DataONE:GEO reuse study/Phase 1

From OpenWetWare
Revision as of 16:19, 20 June 2010 by Heather A Piwowar (talk | contribs) (remove brainstorming section, adding it to its own page)
Jump to: navigation, search

Research Plan


  • Query GEO for all GDS and GDS accession numbers for datasets submitted in 2007
  • Query PubMed Central for these accession numbers in the full text of PMC papers published between 1900 and 2009
  • Enumerate the PMC papers that reused GEO data
  • Estimate what percent of these papers depended on the GEO data for their scientific contribution

Query details

  • accession number formats:
    • look at both GSE and GDS accession numbers
    • use both the raw ID number like 200007572 and the stripped version without the 200... prefix.
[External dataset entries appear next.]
(* Let $x_1,\dots,x_N$ be training data points, let $f(x,\theta)$ be a loss function differentiable in $\theta$, and fix $\theta_t$. Let $S_b\subseteq\{x_1,\dots,x_N\}$ be a random bucket, and conditionally on $S_b$ let $x_m$ be chosen uniformly at random from $S_b$. Let $p_i=\Pr(x_i\in S_b)>0$ and let $\mathbb{P}(x_i,x_j\in S_b)$ denote the probability that both $x_i$ and $x_j$ belong to $S_b$. For the estimator $$\mathrm{Est} = \frac{1}{N}\sum_{i=1}^N \mathbb{1}_{x_i\in S_b}\,\mathbb{1}_{(x_i = x_m \mid x_i\in S_b)}\,\frac{\nabla f(x_i,\theta_t)\cdot |S_b|}{p_i},$$ the trace of its covariance matrix $\Sigma(\mathrm{Est})$ equals $$\mathrm{Tr}(\Sigma(\mathrm{Est})) = \frac{1}{N^2}\sum_{i=1}^N \frac{\|\nabla f(x_i,\theta_t)\|_2^2\cdot \sum_{j=1}^N \frac{\mathbb{P}(x_i,x_j\in S_b)}{p_i}}{p_i} - \frac{1}{N^2}\Big\|\sum_{i=1}^N \nabla f(x_i,\theta_t)\Big\|_2^2.$$
   Context: This is the LSH-sampled gradient estimator (LGD). Data points are preprocessed into locality-sensitive hash tables; at iteration $t$ the query (built from $\theta_t$) is hashed, a hash table is probed, and the matching non-empty bucket is $S_b$. The paper writes $p_i = cp(x_i,\theta_t)^K(1-cp(x_i,\theta_t)^K)^{l-1}$, with $cp$ the LSH collision probability, $K$ the number of concatenated hashes and $l$ the number of tables probed; in the statement $p_i$ denotes $\Pr(x_i\in S_b)$. $\mathbb{1}_{(x_i = x_m\mid x_i\in S_b)}$ is the indicator that $x_i$ is the element selected from the bucket. *)

theory Defs
  imports "HOL-Probability.Probability"
begin

definition trace_cov :: "'w pmf \<Rightarrow> ('w \<Rightarrow> 'v::euclidean_space) \<Rightarrow> real" where
  "trace_cov D X = (\<Sum>b\<in>Basis. measure_pmf.variance D (\<lambda>\<omega>. X \<omega> \<bullet> b))"

definition bucket_then_uniform :: "nat set pmf \<Rightarrow> (nat set \<times> nat) pmf" where
  "bucket_then_uniform B = bind_pmf B (\<lambda>S. map_pmf (\<lambda>m. (S, m)) (pmf_of_set S))"

end

theory Submission
  imports Defs
begin

text \<open>Conditionally on the bucket S, the estimator equals |S| / (N p m) *R grad m with probability
  1/|S| for each m in S. Averaging over m first, its mean is E[sum over m in S of grad m / (N p m)],
  which is (1/N) * sum of grad m because m lies in S with probability p m. Its second moment is
  E[|S| * sum over m in S of |grad m|^2 / (N p m)^2], and writing |S| as the sum over j in S of 1
  turns this into a sum over pairs i, j in S, whose expectation brings in P(i, j in S). The trace
  of the covariance is the second moment minus the squared norm of the mean.\<close>

lemma norm_power2_eq_sum_Basis:
  fixes v :: "'v::euclidean_space"
  shows "(norm v)\<^sup>2 = (\<Sum>b\<in>Basis. (v \<bullet> b)\<^sup>2)"
  unfolding power2_norm_eq_inner by (subst euclidean_inner) (simp add: power2_eq_square)

lemma trace_cov_eq_second_moment_minus_mean:
  fixes X :: "'w \<Rightarrow> 'v::euclidean_space"
  assumes "finite (set_pmf D)"
  shows "trace_cov D X = measure_pmf.expectation D (\<lambda>\<omega>. (norm (X \<omega>))\<^sup>2)
    - (norm (measure_pmf.expectation D X))\<^sup>2"
proof -
  have int: "integrable (measure_pmf D) g" for g :: "'w \<Rightarrow> 'c::{banach, second_countable_topology}"
    using assms by (rule integrable_measure_pmf_finite)
  have "measure_pmf.variance D (\<lambda>\<omega>. X \<omega> \<bullet> b)
      = measure_pmf.expectation D (\<lambda>\<omega>. (X \<omega> \<bullet> b)\<^sup>2) - (measure_pmf.expectation D X \<bullet> b)\<^sup>2" for b
    using measure_pmf.variance_eq[OF int int, of "\<lambda>\<omega>. X \<omega> \<bullet> b"] integral_inner_left[OF int, of X b]
    by simp
  then have "trace_cov D X = (\<Sum>b\<in>Basis. measure_pmf.expectation D (\<lambda>\<omega>. (X \<omega> \<bullet> b)\<^sup>2))
      - (\<Sum>b\<in>Basis. (measure_pmf.expectation D X \<bullet> b)\<^sup>2)"
    unfolding trace_cov_def by (simp add: sum_subtractf)
  also have "\<dots> = measure_pmf.expectation D (\<lambda>\<omega>. (norm (X \<omega>))\<^sup>2)
      - (norm (measure_pmf.expectation D X))\<^sup>2"
    by (simp add: norm_power2_eq_sum_Basis int)
  finally show ?thesis .
qed

lemma expectation_pmf_of_set:
  fixes g :: "'a \<Rightarrow> 'b::{banach, second_countable_topology}"
  assumes "S \<noteq> {}" and "finite S"
  shows "measure_pmf.expectation (pmf_of_set S) g = (\<Sum>m\<in>S. g m) /\<^sub>R real (card S)"
  using assms by (subst integral_measure_pmf[of S]) (auto simp: scaleR_sum_right divide_inverse_commute)

lemma expectation_sum_indicators:
  fixes J :: "'j set" and h :: "'j \<Rightarrow> 'b::{banach, second_countable_topology}"
  assumes "finite J"
  shows "measure_pmf.expectation M (\<lambda>\<omega>. \<Sum>j\<in>J. if \<omega> \<in> E j then h j else 0)
    = (\<Sum>j\<in>J. measure_pmf.prob M (E j) *\<^sub>R h j)"
proof -
  have "(\<lambda>\<omega>. \<Sum>j\<in>J. if \<omega> \<in> E j then h j else 0) = (\<lambda>\<omega>. \<Sum>j\<in>J. indicator (E j) \<omega> *\<^sub>R h j)"
    by (intro ext sum.cong) auto
  then show ?thesis
    by (simp add: integral_sum measure_pmf.integrable_const_bound[where B=1])
qed

lemma expectation_sum_members:
  fixes h :: "'a \<Rightarrow> 'b::{banach, second_countable_topology}"
  assumes "finite I" and "\<And>S. S \<in> set_pmf B \<Longrightarrow> S \<subseteq> I"
  shows "measure_pmf.expectation B (\<lambda>S. \<Sum>i\<in>S. h i)
    = (\<Sum>i\<in>I. measure_pmf.prob B {S. i \<in> S} *\<^sub>R h i)"
proof -
  have "measure_pmf.expectation B (\<lambda>S. \<Sum>i\<in>S. h i)
      = measure_pmf.expectation B (\<lambda>S. \<Sum>i\<in>I. if S \<in> {S. i \<in> S} then h i else 0)"
    using assms by (intro integral_cong_AE AE_pmfI) (auto simp: sum.If_cases Int_absorb1)
  also have "\<dots> = (\<Sum>i\<in>I. measure_pmf.prob B {S. i \<in> S} *\<^sub>R h i)"
    using assms(1) by (rule expectation_sum_indicators)
  finally show ?thesis .
qed

lemma expectation_sum_member_pairs:
  fixes h :: "'a \<Rightarrow> 'a \<Rightarrow> 'b::{banach, second_countable_topology}"
  assumes "finite I" and "\<And>S. S \<in> set_pmf B \<Longrightarrow> S \<subseteq> I"
  shows "measure_pmf.expectation B (\<lambda>S. \<Sum>i\<in>S. \<Sum>j\<in>S. h i j)
    = (\<Sum>i\<in>I. \<Sum>j\<in>I. measure_pmf.prob B {S. i \<in> S \<and> j \<in> S} *\<^sub>R h i j)"
proof -
  have "measure_pmf.expectation B (\<lambda>S. \<Sum>i\<in>S. \<Sum>j\<in>S. h i j)
      = measure_pmf.expectation (map_pmf (\<lambda>S. S \<times> S) B) (\<lambda>T. \<Sum>ij\<in>T. case_prod h ij)"
    by (simp add: sum.cartesian_product)
  also have "\<dots> = (\<Sum>ij\<in>I \<times> I. measure_pmf.prob (map_pmf (\<lambda>S. S \<times> S) B) {T. ij \<in> T} *\<^sub>R case_prod h ij)"
    using assms by (intro expectation_sum_members) auto
  also have "\<dots> = (\<Sum>(i, j)\<in>I \<times> I. measure_pmf.prob B {S. i \<in> S \<and> j \<in> S} *\<^sub>R h i j)"
    by (intro sum.cong refl) (auto simp: vimage_def)
  finally show ?thesis
    by (simp only: sum.cartesian_product)
qed

locale bucket_distribution =
  fixes B :: "nat set pmf" and I :: "nat set"
  assumes finite_I: "finite I"
    and bucket_subset: "S \<in> set_pmf B \<Longrightarrow> S \<subseteq> I"
    and bucket_nonempty: "S \<in> set_pmf B \<Longrightarrow> S \<noteq> {}"
begin

lemma finite_bucket: "S \<in> set_pmf B \<Longrightarrow> finite S"
  using bucket_subset finite_I finite_subset by blast

lemma finite_set_pmf: "finite (set_pmf B)"
  using bucket_subset finite_I by (blast intro: finite_subset[of _ "Pow I"])

lemma finite_set_pmf_bucket_then_uniform: "finite (set_pmf (bucket_then_uniform B))"
proof -
  have "set_pmf (bucket_then_uniform B) \<subseteq> set_pmf B \<times> I"
    unfolding bucket_then_uniform_def
    using finite_bucket bucket_nonempty bucket_subset by auto
  then show ?thesis
    using finite_set_pmf finite_I finite_subset by blast
qed

lemma expectation_bucket_then_uniform:
  fixes g :: "nat set \<times> nat \<Rightarrow> 'b::{banach, second_countable_topology}"
  shows "measure_pmf.expectation (bucket_then_uniform B) g
    = measure_pmf.expectation B (\<lambda>S. (\<Sum>m\<in>S. g (S, m)) /\<^sub>R real (card S))"
proof -
  have "measure_pmf.expectation (bucket_then_uniform B) g
      = (\<Sum>S\<in>set_pmf B. pmf B S *\<^sub>R measure_pmf.expectation (map_pmf (\<lambda>m. (S, m)) (pmf_of_set S)) g)"
    unfolding bucket_then_uniform_def
    by (rule pmf_expectation_bind) (use finite_set_pmf finite_bucket bucket_nonempty in auto)
  also have "\<dots> = (\<Sum>S\<in>set_pmf B. pmf B S *\<^sub>R ((\<Sum>m\<in>S. g (S, m)) /\<^sub>R real (card S)))"
    using finite_bucket bucket_nonempty by (intro sum.cong refl) (simp add: expectation_pmf_of_set)
  also have "\<dots> = measure_pmf.expectation B (\<lambda>S. (\<Sum>m\<in>S. g (S, m)) /\<^sub>R real (card S))"
    by (rule integral_measure_pmf[symmetric]) (use finite_set_pmf in auto)
  finally show ?thesis .
qed

lemma expectation_bucket_estimator:
  fixes v :: "nat \<Rightarrow> 'b::{banach, second_countable_topology}"
  assumes Est: "\<And>S m. S \<in> set_pmf B \<Longrightarrow> m \<in> S \<Longrightarrow> Est (S, m) = real (card S) *\<^sub>R v m"
  shows "measure_pmf.expectation (bucket_then_uniform B) Est
    = (\<Sum>m\<in>I. measure_pmf.prob B {S. m \<in> S} *\<^sub>R v m)"
proof -
  have "measure_pmf.expectation (bucket_then_uniform B) Est
      = measure_pmf.expectation B (\<lambda>S. (\<Sum>m\<in>S. Est (S, m)) /\<^sub>R real (card S))"
    by (rule expectation_bucket_then_uniform)
  also have "\<dots> = measure_pmf.expectation B (\<lambda>S. \<Sum>m\<in>S. v m)"
  proof (intro integral_cong_AE AE_pmfI)
    fix S assume S: "S \<in> set_pmf B"
    then have "real (card S) \<noteq> 0"
      using finite_bucket bucket_nonempty by auto
    then show "(\<Sum>m\<in>S. Est (S, m)) /\<^sub>R real (card S) = (\<Sum>m\<in>S. v m)"
      using S by (simp add: Est scaleR_sum_right[symmetric])
  qed simp_all
  also have "\<dots> = (\<Sum>m\<in>I. measure_pmf.prob B {S. m \<in> S} *\<^sub>R v m)"
    using finite_I bucket_subset by (rule expectation_sum_members)
  finally show ?thesis .
qed

lemma second_moment_bucket_estimator:
  fixes v :: "nat \<Rightarrow> 'b::real_normed_vector"
  assumes Est: "\<And>S m. S \<in> set_pmf B \<Longrightarrow> m \<in> S \<Longrightarrow> Est (S, m) = real (card S) *\<^sub>R v m"
  shows "measure_pmf.expectation (bucket_then_uniform B) (\<lambda>\<omega>. (norm (Est \<omega>))\<^sup>2)
    = (\<Sum>i\<in>I. \<Sum>j\<in>I. measure_pmf.prob B {S. i \<in> S \<and> j \<in> S} * (norm (v i))\<^sup>2)"
proof -
  have "measure_pmf.expectation (bucket_then_uniform B) (\<lambda>\<omega>. (norm (Est \<omega>))\<^sup>2)
      = measure_pmf.expectation B (\<lambda>S. (\<Sum>m\<in>S. (norm (Est (S, m)))\<^sup>2) /\<^sub>R real (card S))"
    by (rule expectation_bucket_then_uniform)
  also have "\<dots> = measure_pmf.expectation B (\<lambda>S. \<Sum>i\<in>S. \<Sum>j\<in>S. (norm (v i))\<^sup>2)"
  proof (intro integral_cong_AE AE_pmfI)
    fix S assume S: "S \<in> set_pmf B"
    then have "real (card S) \<noteq> 0"
      using finite_bucket bucket_nonempty by auto
    moreover have "(\<Sum>m\<in>S. (norm (Est (S, m)))\<^sup>2) = real (card S) * (\<Sum>i\<in>S. \<Sum>j\<in>S. (norm (v i))\<^sup>2)"
      using S by (simp add: Est power_mult_distrib sum_distrib_left power2_eq_square mult_ac)
    ultimately show "(\<Sum>m\<in>S. (norm (Est (S, m)))\<^sup>2) /\<^sub>R real (card S) = (\<Sum>i\<in>S. \<Sum>j\<in>S. (norm (v i))\<^sup>2)"
      by simp
  qed simp_all
  also have "\<dots> = (\<Sum>i\<in>I. \<Sum>j\<in>I. measure_pmf.prob B {S. i \<in> S \<and> j \<in> S} * (norm (v i))\<^sup>2)"
    using finite_I bucket_subset by (subst expectation_sum_member_pairs) auto
  finally show ?thesis .
qed

end

theorem theorem2:
  fixes N :: nat
    and x :: "nat \<Rightarrow> 'x"
    and f :: "'x \<Rightarrow> 'v::euclidean_space \<Rightarrow> real"
    and \<theta>t :: 'v
    and grad :: "nat \<Rightarrow> 'v"
    and B :: "nat set pmf"
    and p :: "nat \<Rightarrow> real"
    and P2 :: "nat \<Rightarrow> nat \<Rightarrow> real"
    and Est :: "nat set \<times> nat \<Rightarrow> 'v"
  assumes grad: "\<And>i. i \<in> {1..N} \<Longrightarrow> (f (x i) has_derivative (\<lambda>h. grad i \<bullet> h)) (at \<theta>t)"
    and bucket: "\<And>S. S \<in> set_pmf B \<Longrightarrow> S \<subseteq> {1..N} \<and> S \<noteq> {}"
    and p_def: "\<And>i. p i = measure_pmf.prob B {S. i \<in> S}"
    and p_pos: "\<And>i. i \<in> {1..N} \<Longrightarrow> p i > 0"
    and P2_def: "\<And>i j. P2 i j = measure_pmf.prob B {S. i \<in> S \<and> j \<in> S}"
    and Est_def: "\<And>S m. Est (S, m) =
        (1 / real N) *\<^sub>R (\<Sum>i=1..N. ((if i \<in> S then 1 else 0) * (if i = m then 1 else 0)
            * real (card S) / p i) *\<^sub>R grad i)"
  shows "trace_cov (bucket_then_uniform B) Est =
     (1 / (real N)^2) * (\<Sum>i=1..N. (norm (grad i))^2 * (\<Sum>j=1..N. P2 i j / p i) / p i)
     - (1 / (real N)^2) * (norm (\<Sum>i=1..N. grad i))^2"
proof -
  \<comment> \<open>The differentiability hypothesis only names grad i as a gradient; the identity holds for
    arbitrary vectors grad i.\<close>
  interpret bucket_distribution B "{1..N}"
    using bucket by unfold_locales auto
  define v where "v i = (1 / (real N * p i)) *\<^sub>R grad i" for i
  have Est_on_bucket: "Est (S, m) = real (card S) *\<^sub>R v m" if "S \<in> set_pmf B" "m \<in> S" for S m
  proof -
    have "(\<Sum>i=1..N. ((if i \<in> S then 1 else 0) * (if i = m then 1 else 0) * real (card S) / p i) *\<^sub>R grad i)
        = (\<Sum>i=1..N. if i = m then (real (card S) / p m) *\<^sub>R grad m else 0)"
      using that by (intro sum.cong) auto
    moreover have "m \<in> {1..N}"
      using that bucket_subset by blast
    ultimately show ?thesis
      by (simp add: Est_def v_def)
  qed
  have "measure_pmf.expectation (bucket_then_uniform B) Est = (\<Sum>i=1..N. p i *\<^sub>R v i)"
    unfolding p_def by (rule expectation_bucket_estimator[OF Est_on_bucket])
  also have "\<dots> = (1 / real N) *\<^sub>R (\<Sum>i=1..N. grad i)"
    unfolding scaleR_sum_right using p_pos by (intro sum.cong) (auto simp: v_def less_imp_neq[symmetric])
  finally have mean: "measure_pmf.expectation (bucket_then_uniform B) Est
      = (1 / real N) *\<^sub>R (\<Sum>i=1..N. grad i)" .
  have "measure_pmf.expectation (bucket_then_uniform B) (\<lambda>\<omega>. (norm (Est \<omega>))\<^sup>2)
      = (\<Sum>i=1..N. \<Sum>j=1..N. P2 i j * (norm (v i))\<^sup>2)"
    unfolding P2_def by (rule second_moment_bucket_estimator[OF Est_on_bucket])
  also have "\<dots> = (1 / (real N)\<^sup>2) * (\<Sum>i=1..N. (norm (grad i))\<^sup>2 * (\<Sum>j=1..N. P2 i j / p i) / p i)"
    using p_pos by (simp add: v_def sum_distrib_left sum_distrib_right sum_divide_distrib
        power_divide power_mult_distrib power2_eq_square field_simps)
  finally have second_moment: "measure_pmf.expectation (bucket_then_uniform B) (\<lambda>\<omega>. (norm (Est \<omega>))\<^sup>2)
      = (1 / (real N)\<^sup>2) * (\<Sum>i=1..N. (norm (grad i))\<^sup>2 * (\<Sum>j=1..N. P2 i j / p i) / p i)" .
  show ?thesis
    unfolding trace_cov_eq_second_moment_minus_mean[OF finite_set_pmf_bucket_then_uniform]
      mean second_moment by (simp add: power_divide)
qed

end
For example, search for both 200007572 and 7572
    • search for both accession number right beside the prefix, and with one space in between, so "GSE 7572" and "GSE7572"

Exclude data creation studies

  • spot-check to make sure accession number is in the context of reuse... looks like there may be a few mentions in the context of depost in which the article is not tagged with pmc_gds[filter] (example: PMCID 2396644)
    • do this for all the PMC article hits? looks like there are a few missing the filter, and it matters because it would erroneously inflate our reuse estimate
    • could use query from my BioLink paper:
 (geo OR omnibus) 
 AND microarray 
 AND "gene expression"       
 AND accession
 NOT (databases 
        OR user OR users
        OR (public AND accessed) 
        OR (downloaded AND published)) 
    • or the more simple:
 "gene expression omnibus” AND (submitted OR deposited) 
    • to do this transparently, query PMC results for each of these words:
      • submitted
      • deposited
      • user*
      • public
      • accessed
      • downloaded
      • published

Estimate time lag for reuse

To estimate time lag:

  • extract year

Estimate what percentage of reusers weren't the original authors

  • see if AND pubmed_gds and NOT pmc_gds have any author overlaps? (note AND should be pubmed!)
  • other idea: institution comparison using medline info
  • better than submitter, because submitter not the whole story
  • better than institution, because institution not precise in submission

Estimate what percent of reuse created "new science"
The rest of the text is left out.